We address the problem of feature importance. Often, when working with classification or regression problems, the results of black-box deep learning techniques are held to scrutiny in an effort to interpret which and to what extent various features affect outcome. We address this issue specifically when the model has a bottleneck which we will be used to infer feature importance. In this paper, we apply this technique to weather data and study which weather features affect traffic most. To this end, we introduce convolutional spatial embedding to convert data with spatial information into spatial images that are suitable for convolutional neural networks.

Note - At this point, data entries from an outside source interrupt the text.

(* Let $V,Y$ be real Banach spaces with $V\hookrightarrow Y$ continuously and densely, $U\subset V$ open, $m\in\mathbb{N}$, $\mathcal{G}\colon U\to\mathbb{R}^m$ analytic, $\mathcal{M}=\{u\in U\mid\mathcal{G}(u)=0\}$, and $\bar u\in U$. Assume: for every $u\in U$ the operator $\mathcal{G}'(u)$ extends to $\overline{\mathcal{G}'(u)}\in\mathcal{L}(Y,\mathbb{R}^m)$ and $u\mapsto\overline{\mathcal{G}'(u)}$ is analytic $U\to\mathcal{L}(Y,\mathbb{R}^m)$; and $\mathcal{G}(\bar u)=0$ with $\mathcal{G}'(\bar u)\colon V\to\mathbb{R}^m$ surjective. Let $V_0=\ker\mathcal{G}'(\bar u)$, let $V_1$ be a closed subspace with $V=V_0\oplus V_1$, let $\Omega_0\subset V_0$, $\Omega_1\subset V_1$ be open with $\bar u\in\Omega:=\Omega_0+\Omega_1\subset U$, and let $\psi\colon\Omega_0\to V$ be analytic with $\psi(\Omega_0)\subset\Omega_1$, $\mathcal{M}\cap\Omega=\{\omega+\psi(\omega)\mid\omega\in\Omega_0\}$, and such that $\mathcal{G}'(u)|_{V_1}\colon V_1\to\mathbb{R}^m$ is an isomorphism for all $u\in\Omega$. Put $\varphi(\omega)=\omega+\psi(\omega)$. Then for every $\omega\in\Omega_0$ and $u=\varphi(\omega)$: (i) $\mathcal{T}_u\mathcal{M}=\ker\mathcal{G}'(u)=\operatorname{Im}\varphi'(\omega)$; (ii) $\overline{\mathcal{T}_u\mathcal{M}}=\ker\overline{\mathcal{G}'(u)}$, where the closure is taken in the norm of $Y$; (iii) $\operatorname{codim}(\mathcal{T}_u\mathcal{M},V)=\operatorname{codim}(\overline{\mathcal{T}_u\mathcal{M}},Y)=m$.
   Context: The tangent space is $\mathcal{T}_u\mathcal{M}=\{\gamma'(0)\mid\gamma\in C^1((-\varepsilon,\varepsilon);V),\ \gamma(t)\in\mathcal{M}\cap\Omega\ \forall t,\ \gamma(0)=u\}$. Analytic means locally given by norm-convergent power series of continuous multilinear maps. *)

theory Defs
  imports "HOL-Analysis.Analysis"
begin

text \<open>k-linear maps with all arguments restricted to a subspace E; an argument
  tuple is a function nat => 'a of which only the first k entries matter.\<close>
definition multilinear_on :: "'a::real_vector set \<Rightarrow> nat \<Rightarrow> ((nat \<Rightarrow> 'a) \<Rightarrow> 'b::real_vector) \<Rightarrow> bool" where
  "multilinear_on E k A \<longleftrightarrow>
     (\<forall>x y. (\<forall>j<k. x j = y j) \<longrightarrow> A x = A y) \<and>
     (\<forall>i<k. \<forall>x. (\<forall>j<k. x j \<in> E) \<longrightarrow>
        (\<forall>a\<in>E. \<forall>b\<in>E. \<forall>c::real. A (x(i := c *\<^sub>R a + b)) = c *\<^sub>R A (x(i := a)) + A (x(i := b))))"

definition mbounded_by :: "'a::real_normed_vector set \<Rightarrow> nat \<Rightarrow> ((nat \<Rightarrow> 'a) \<Rightarrow> 'b::real_normed_vector) \<Rightarrow> real \<Rightarrow> bool" where
  "mbounded_by E k A C \<longleftrightarrow> (\<forall>x. (\<forall>j<k. x j \<in> E) \<longrightarrow> norm (A x) \<le> C * (\<Prod>j<k. norm (x j)))"

definition bounded_multilinear_on :: "'a::real_normed_vector set \<Rightarrow> nat \<Rightarrow> ((nat \<Rightarrow> 'a) \<Rightarrow> 'b::real_normed_vector) \<Rightarrow> bool" where
  "bounded_multilinear_on E k A \<longleftrightarrow> multilinear_on E k A \<and> (\<exists>C. mbounded_by E k A C)"

definition mnorm :: "'a::real_normed_vector set \<Rightarrow> nat \<Rightarrow> ((nat \<Rightarrow> 'a) \<Rightarrow> 'b::real_normed_vector) \<Rightarrow> real" where
  "mnorm E k A = Inf {C. C \<ge> 0 \<and> mbounded_by E k A C}"

text \<open>Analyticity on a set S contained in a closed subspace E (which is regarded as the
  Banach space of definition): locally f is given by a norm-convergent power series of
  continuous multilinear maps on E.\<close>
definition analytic_on_within :: "'a::real_normed_vector set \<Rightarrow> 'a set \<Rightarrow> ('a \<Rightarrow> 'b::real_normed_vector) \<Rightarrow> bool" where
  "analytic_on_within E S f \<longleftrightarrow>
     (\<forall>x0\<in>S. \<exists>r>0. \<exists>A :: nat \<Rightarrow> (nat \<Rightarrow> 'a) \<Rightarrow> 'b.
        (\<forall>k. bounded_multilinear_on E k (A k)) \<and>
        summable (\<lambda>k. mnorm E k (A k) * r ^ k) \<and>
        (\<forall>h\<in>E. norm h < r \<longrightarrow> x0 + h \<in> S \<and> f (x0 + h) = (\<Sum>k. A k (\<lambda>_. h))))"

abbreviation banach_analytic_on :: "'a::real_normed_vector set \<Rightarrow> ('a \<Rightarrow> 'b::real_normed_vector) \<Rightarrow> bool" where
  "banach_analytic_on S f \<equiv> analytic_on_within UNIV S f"

definition tangent_space :: "'a::real_normed_vector set \<Rightarrow> 'a set \<Rightarrow> 'a \<Rightarrow> 'a set" where
  "tangent_space M Om u = {v. \<exists>\<epsilon>>0. \<exists>\<gamma> \<gamma>'.
      (\<forall>t\<in>{-\<epsilon><..<\<epsilon>}. (\<gamma> has_vector_derivative \<gamma>' t) (at t)) \<and>
      continuous_on {-\<epsilon><..<\<epsilon>} \<gamma>' \<and>
      (\<forall>t\<in>{-\<epsilon><..<\<epsilon>}. \<gamma> t \<in> M \<inter> Om) \<and> \<gamma> 0 = u \<and> \<gamma>' 0 = v}"

definition has_codim :: "'a::real_vector set \<Rightarrow> nat \<Rightarrow> bool" where
  "has_codim S n \<longleftrightarrow> (\<exists>B. finite B \<and> card B = n \<and> independent B \<and>
      span B \<inter> S = {0} \<and> {x + y | x y. x \<in> S \<and> y \<in> span B} = UNIV)"

end

theory Submission
  imports Defs
begin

An advantage of our approach is in dealing with input that has highly correlated features, where removing even an important feature will not increase loss.
瓶颈重构特征重要性识别
我们解决了特征重要性的问题。通常,在处理分类或回归问题时,需要仔细检查黑箱深度学习技术的结果,以解释各种特征对结果的影响。当模型遇到瓶颈时,我们会专门解决这个问题,我们将使用瓶颈来推断特征的重要性。在本文中,我们将该技术应用于天气数据,研究哪些天气特征对交通影响最大。为此,我们引入卷积空间嵌入,将具有空间信息的数据转换为适合卷积神经网络的空间图像。我们方法的一个优点是在处理具有高度相关特征的输入时,即使删除一个重要的特征也不会增加损失。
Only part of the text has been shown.